lemma ampl_tensor_superop:
  assumes f: "is_superop dV1 dW1 f" and g: "is_superop dV2 dW2 g"
  shows "ampl k (dV1 * dV2) (dW1 * dW2) (tensor_superop dV1 dV2 dW1 dW2 f g) M =
    ampl_mid k dW2 dV1 dW1 f (ampl (k * dV1) dV2 dW2 g M)"
proof (rule eq_matI)
  fix i j assume "i < dim_row (ampl_mid k dW2 dV1 dW1 f (ampl (k * dV1) dV2 dW2 g M))"
    "j < dim_col (ampl_mid k dW2 dV1 dW1 f (ampl (k * dV1) dV2 dW2 g M))"
  then have ij: "i < k * (dW1 * dW2)" "j < k * (dW1 * dW2)"
    by (auto simp: ampl_mid_def reindex_mat_def ac_simps)
  define a0 b0 where "a0 = i div (dW1 * dW2)" and "b0 = j div (dW1 * dW2)"
  define F where "F r s = f (unit_mat dV1 r s) $$ (i div dW2 mod dW1, j div dW2 mod dW1)" for r s
  define G where "G c d = g (unit_mat dV2 c d) $$ (i mod dW2, j mod dW2)" for c d
  have pos: "0 < dW1" "0 < dW2" "a0 < k" "b0 < k"
    using ij by (auto simp: a0_def b0_def less_mult_imp_div_less intro: gr0I)
  define X where "X = mat dV1 dV1 (\<lambda>(r, s). ampl (k * dV1) dV2 dW2 g M $$
      (a0 * (dV1 * dW2) + r * dW2 + i mod dW2, b0 * (dV1 * dW2) + s * dW2 + j mod dW2))"
  have X: "X $$ (r, s) = (\<Sum>c<dV2. \<Sum>d<dV2. M $$ ((a0 * dV1 + r) * dV2 + c, (b0 * dV1 + s) * dV2 + d) * G c d)"
    if "r < dV1" "s < dV1" for r s
    using that pos
    by (simp add: X_def ampl_index_digits3 superop_expand[OF g] block_index G_def)
  have "ampl_mid k dW2 dV1 dW1 f (ampl (k * dV1) dV2 dW2 g M) $$ (i, j) =
      f X $$ (i div dW2 mod dW1, j div dW2 mod dW1)"
    using ij by (simp add: ampl_mid_index X_def a0_def b0_def ac_simps)
  also have "\<dots> = (\<Sum>r<dV1. \<Sum>s<dV1. X $$ (r, s) * F r s)"
    unfolding F_def using pos by (intro superop_expand[OF f]) (auto simp: X_def)
  also have "\<dots> = (\<Sum>a<dV1. \<Sum>b<dV1. \<Sum>c<dV2. \<Sum>d<dV2.
      M $$ ((a0 * dV1 + a) * dV2 + c, (b0 * dV1 + b) * dV2 + d) * (F a b * G c d))"
    by (simp add: X sum_distrib_left sum_distrib_right ac_simps)
  also have "\<dots> = ampl k (dV1 * dV2) (dW1 * dW2) (tensor_superop dV1 dV2 dW1 dW2 f g) M $$ (i, j)"
    unfolding ampl_tensor_superop_index[OF ij] a0_def b0_def F_def G_def ..
  finally show "ampl k (dV1 * dV2) (dW1 * dW2) (tensor_superop dV1 dV2 dW1 dW2 f g) M $$ (i, j) =
      ampl_mid k dW2 dV1 dW1 f (ampl (k * dV1) dV2 dW2 g M) $$ (i, j)" ..
qed (auto simp: ampl_mid_def reindex_mat_def ac_simps)

lemma is_CP_tensor_superop:
  assumes f: "is_CP dV1 dW1 f" and g: "is_CP dV2 dW2 g"
  shows "is_CP (dV1 * dV2) (dW1 * dW2) (tensor_superop dV1 dV2 dW1 dW2 f g)"
  unfolding is_CP_def
proof (intro conjI allI impI)
  fix k M assume "psd (k * (dV1 * dV2)) M"
  then have "psd ((k * dV1) * dV2) M" by (simp add: ac_simps)
  then have "psd ((k * dV1) * dW2) (ampl (k * dV1) dV2 dW2 g M)"
    using g unfolding is_CP_def by blast
  from psd_ampl_mid[OF f this]
  show "psd (k * (dW1 * dW2)) (ampl k (dV1 * dV2) (dW1 * dW2) (tensor_superop dV1 dV2 dW1 dW2 f g) M)"
    unfolding ampl_tensor_superop[OF is_CP_superop[OF f] is_CP_superop[OF g]] by (simp add: mult.assoc)
qed (rule is_superop_tensor_superop)

section \<open>Parallel composition\<close>

definition fam_tensor :: "nat \<Rightarrow> nat \<Rightarrow> nat \<Rightarrow> nat \<Rightarrow>
    ('y \<Rightarrow> superop) \<Rightarrow> ('y \<Rightarrow> 'z \<Rightarrow> superop) \<Rightarrow> 'z \<Rightarrow> superop" where
  "fam_tensor dV1 dV2 dW1 dW2 P Q z =
     superop_sum (dW1 * dW2) (\<lambda>y. tensor_superop dV1 dV2 dW1 dW2 (P y) (Q y z)) (supp dW1 P)"

lemma bullet_comp_eq_fam_tensor:
  assumes "\<Phi> n x \<in> CPfam dV1 dW1 (Ys n)"
  shows "bullet_comp dV1 dV2 dW1 dW2 Ys \<Phi> \<Psi> n x = fam_tensor dV1 dV2 dW1 dW2 (\<Phi> n x) (\<Psi> n)"
  using Int_absorb1[OF CPfamD(2)[OF assms]] unfolding bullet_comp_def fam_tensor_def by simp

lemma supp_fam_tensor:
  "supp (dW1 * dW2) (fam_tensor dV1 dV2 dW1 dW2 P Q) \<subseteq> (\<Union>y\<in>supp dW1 P. supp dW2 (Q y))"
proof
  fix z assume z: "z \<in> supp (dW1 * dW2) (fam_tensor dV1 dV2 dW1 dW2 P Q)"
  show "z \<in> (\<Union>y\<in>supp dW1 P. supp dW2 (Q y))"
  proof (rule ccontr)
    assume "z \<notin> (\<Union>y\<in>supp dW1 P. supp dW2 (Q y))"
    then have "Q y z = zero_superop dW2" if "y \<in> supp dW1 P" for y
      using that by (blast intro: not_in_supp)
    then have "fam_tensor dV1 dV2 dW1 dW2 P Q z = superop_sum (dW1 * dW2) (\<lambda>y. zero_superop (dW1 * dW2)) (supp dW1 P)"
      unfolding fam_tensor_def by (intro superop_sum_cong) (simp add: tensor_superop_zero_right)
    then show False using z unfolding supp_def by simp
  qed
qed

lemma CPfam_fam_tensor:
  assumes P: "P \<in> CPfam dV1 dW1 S" and Q: "\<And>y. y \<in> S \<Longrightarrow> Q y \<in> CPfam dV2 dW2 Z"
  shows "fam_tensor dV1 dV2 dW1 dW2 P Q \<in> CPfam (dV1 * dV2) (dW1 * dW2) Z"
proof (rule CPfamI)
  let ?Z = "\<Union>y\<in>supp dW1 P. supp dW2 (Q y)"
  have QP: "Q y \<in> CPfam dV2 dW2 Z" if "y \<in> supp dW1 P" for y
    using Q CPfamD(2)[OF P] that by auto
  show Z: "finite ?Z" using CPfamD(1)[OF P] CPfamD(1)[OF QP] by auto
  show "supp (dW1 * dW2) (fam_tensor dV1 dV2 dW1 dW2 P Q) \<subseteq> ?Z" by (rule supp_fam_tensor)
  show "?Z \<subseteq> Z" using CPfamD(2)[OF QP] by auto
  show "is_CP (dV1 * dV2) (dW1 * dW2) (fam_tensor dV1 dV2 dW1 dW2 P Q z)" for z
    unfolding fam_tensor_def
    by (intro is_CP_superop_sum is_CP_tensor_superop CPfamD(3)[OF P] CPfamD(3)[OF QP])
  fix M :: "complex mat" assume M: "M \<in> carrier_mat (dV1 * dV2) (dV1 * dV2)"
  have channel: "is_channel dV2 dW2 (superop_sum dW2 (Q y) ?Z)" if "y \<in> supp dW1 P" for y
  proof -
    have "supp dW2 (Q y) \<subseteq> ?Z" using that by auto
    with CPfamD(4)[OF QP[OF that]] show ?thesis by (simp only: superop_sum_supp[OF Z])
  qed
  have "(\<Sum>z\<in>?Z. mtrace (dW1 * dW2) (fam_tensor dV1 dV2 dW1 dW2 P Q z M)) =
      (\<Sum>y\<in>supp dW1 P. \<Sum>z\<in>?Z. mtrace (dW1 * dW2) (tensor_superop dV1 dV2 dW1 dW2 (P y) (Q y z) M))"
    unfolding fam_tensor_def mtrace_superop_sum by (rule sum.swap)
  also have "\<dots> = (\<Sum>y\<in>supp dW1 P.
      mtrace (dW1 * dW2) (tensor_superop dV1 dV2 dW1 dW2 (P y) (superop_sum dW2 (Q y) ?Z) M))"
    by (simp add: tensor_superop_sum_right mtrace_superop_sum)
  also have "\<dots> = (\<Sum>y\<in>supp dW1 P. mtrace dW1 (P y (ptrace_right dV1 dV2 M)))"
    using channel is_CP_superop[OF CPfamD(3)[OF P]]
    by (intro sum.cong refl mtrace_tensor_superop_channel M)
  also have "\<dots> = mtrace dV1 (ptrace_right dV1 dV2 M)"
    by (rule CPfam_trace[OF P CPfamD(1)[OF P] subset_refl]) (simp add: ptrace_right_def)
  also have "\<dots> = mtrace (dV1 * dV2) M" by (rule mtrace_ptrace_right)
  finally show "(\<Sum>z\<in>?Z. mtrace (dW1 * dW2) (fam_tensor dV1 dV2 dW1 dW2 P Q z M)) = mtrace (dV1 * dV2) M" .
qed

lemma push_fam_tensor:
  fixes f :: "'y \<Rightarrow> 'y2" and g :: "'z \<Rightarrow> 'z2" and Qk :: "'y2 \<Rightarrow> 'z2 \<Rightarrow> superop"
  assumes P: "P \<in> CPfam dV1 dW1 S" and Q: "\<And>y. y \<in> S \<Longrightarrow> Qn y \<in> CPfam dV2 dW2 Z"
    and natural: "\<And>y. y \<in> S \<Longrightarrow> Qk (f y) = push dW2 g (Qn y)"
  shows "fam_tensor dV1 dV2 dW1 dW2 (push dW1 f P) Qk = push (dW1 * dW2) g (fam_tensor dV1 dV2 dW1 dW2 P Qn)"
proof
  fix z :: 'z2
  let ?T = "tensor_superop dV1 dV2 dW1 dW2" and ?SP = "supp dW1 P"
  let ?Z = "\<Union>y\<in>?SP. supp dW2 (Qn y)"
  have QP: "Qn y \<in> CPfam dV2 dW2 Z" if "y \<in> ?SP" for y
    using Q CPfamD(2)[OF P] that by auto
  have SP: "finite ?SP" by (rule CPfamD(1)[OF P])
  have Z: "finite ?Z" using SP CPfamD(1)[OF QP] by auto
  have "fam_tensor dV1 dV2 dW1 dW2 (push dW1 f P) Qk z =
      superop_sum (dW1 * dW2) (\<lambda>t. ?T (push dW1 f P t) (Qk t z)) (f ` ?SP)"
    unfolding fam_tensor_def using SP supp_push[of dW1 f P] not_in_supp[of _ dW1 "push dW1 f P"]
    by (intro superop_sum_mono_neutral) (auto simp: tensor_superop_zero_left)
  also have "\<dots> = superop_sum (dW1 * dW2)
      (\<lambda>t. superop_sum (dW1 * dW2) (\<lambda>s. ?T (P s) (Qk (f s) z)) {s \<in> ?SP. f s = t}) (f ` ?SP)"
    unfolding push_def tensor_superop_sum_left by (intro superop_sum_cong) auto
  also have "\<dots> = superop_sum (dW1 * dW2) (\<lambda>s. ?T (P s) (Qk (f s) z)) ?SP"
    by (rule superop_sum_group[OF SP])
  also have "\<dots> = superop_sum (dW1 * dW2)
      (\<lambda>s. superop_sum (dW1 * dW2) (\<lambda>z'. ?T (P s) (Qn s z')) {z' \<in> ?Z. g z' = z}) ?SP"
  proof (rule superop_sum_cong)
    fix s assume s: "s \<in> ?SP"
    have "s \<in> S" using s CPfamD(2)[OF P] by blast
    then have "Qk (f s) z = push dW2 g (Qn s) z" by (simp add: natural)
    also have "\<dots> = superop_sum dW2 (Qn s) {z' \<in> ?Z. g z' = z}"
      using s by (intro push_eq_superop_sum[OF Z]) blast
    finally have "Qk (f s) z = superop_sum dW2 (Qn s) {z' \<in> ?Z. g z' = z}" .
    then show "?T (P s) (Qk (f s) z) = superop_sum (dW1 * dW2) (\<lambda>z'. ?T (P s) (Qn s z')) {z' \<in> ?Z. g z' = z}"
      by (simp add: tensor_superop_sum_right)
  qed
  also have "\<dots> = superop_sum (dW1 * dW2) (fam_tensor dV1 dV2 dW1 dW2 P Qn) {z' \<in> ?Z. g z' = z}"
    unfolding fam_tensor_def by (rule superop_sum_swap)
  also have "\<dots> = push (dW1 * dW2) g (fam_tensor dV1 dV2 dW1 dW2 P Qn) z"
    by (rule push_eq_superop_sum[symmetric, OF Z supp_fam_tensor])
  finally show "fam_tensor dV1 dV2 dW1 dW2 (push dW1 f P) Qk z = push (dW1 * dW2) g (fam_tensor dV1 dV2 dW1 dW2 P Qn) z" .
qed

:::::

* _Exercise_: Your output should consist solely of the lines from the beginning of the entries through the line containing "(a0 * (dV1 *", reproduced exactly.

* _Answer for this exercise_:
lemma ampl_tensor_superop:
  assumes f: "is_superop dV1 dW1 f" and g: "is_superop dV2 dW2 g"
  shows "ampl k (dV1 * dV2) (dW1 * dW2) (tensor_superop dV1 dV2 dW1 dW2 f g) M =
    ampl_mid k dW2 dV1 dW1 f (ampl (k * dV1) dV2 dW2 g M)"
proof (rule eq_matI)
  fix i j assume "i < dim_row (ampl_mid k dW2 dV1 dW1 f (ampl (k * dV1) dV2 dW2 g M))"
    "j < dim_col (ampl_mid k dW2 dV1 dW1 f (ampl (k * dV1) dV2 dW2 g M))"
  then have ij: "i < k * (dW1 * dW2)" "j < k * (dW1 * dW2)"
    by (auto simp: ampl_mid_def reindex_mat_def ac_simps)
  define a0 b0 where "a0 = i div (dW1 * dW2)" and "b0 = j div (dW1 * dW2)"
  define F where "F r s = f (unit_mat dV1 r s) $$ (i div dW2 mod dW1, j div dW2 mod dW1)" for r s
  define G where "G c d = g (unit_mat dV2 c d) $$ (i mod dW2, j mod dW2)" for c d
  have pos: "0 < dW1" "0 < dW2" "a0 < k" "b0 < k"
    using ij by (auto simp: a0_def b0_def less_mult_imp_div_less intro: gr0I)
  define X where "X = mat dV1 dV1 (\<lambda>(r, s). ampl (k * dV1) dV2 dW2 g M $$
      (a0 * (dV1 * dW2) + r * dW2 + i mod dW2, b0 * (dV1 * dW2) + s * dW2 + j mod dW2))"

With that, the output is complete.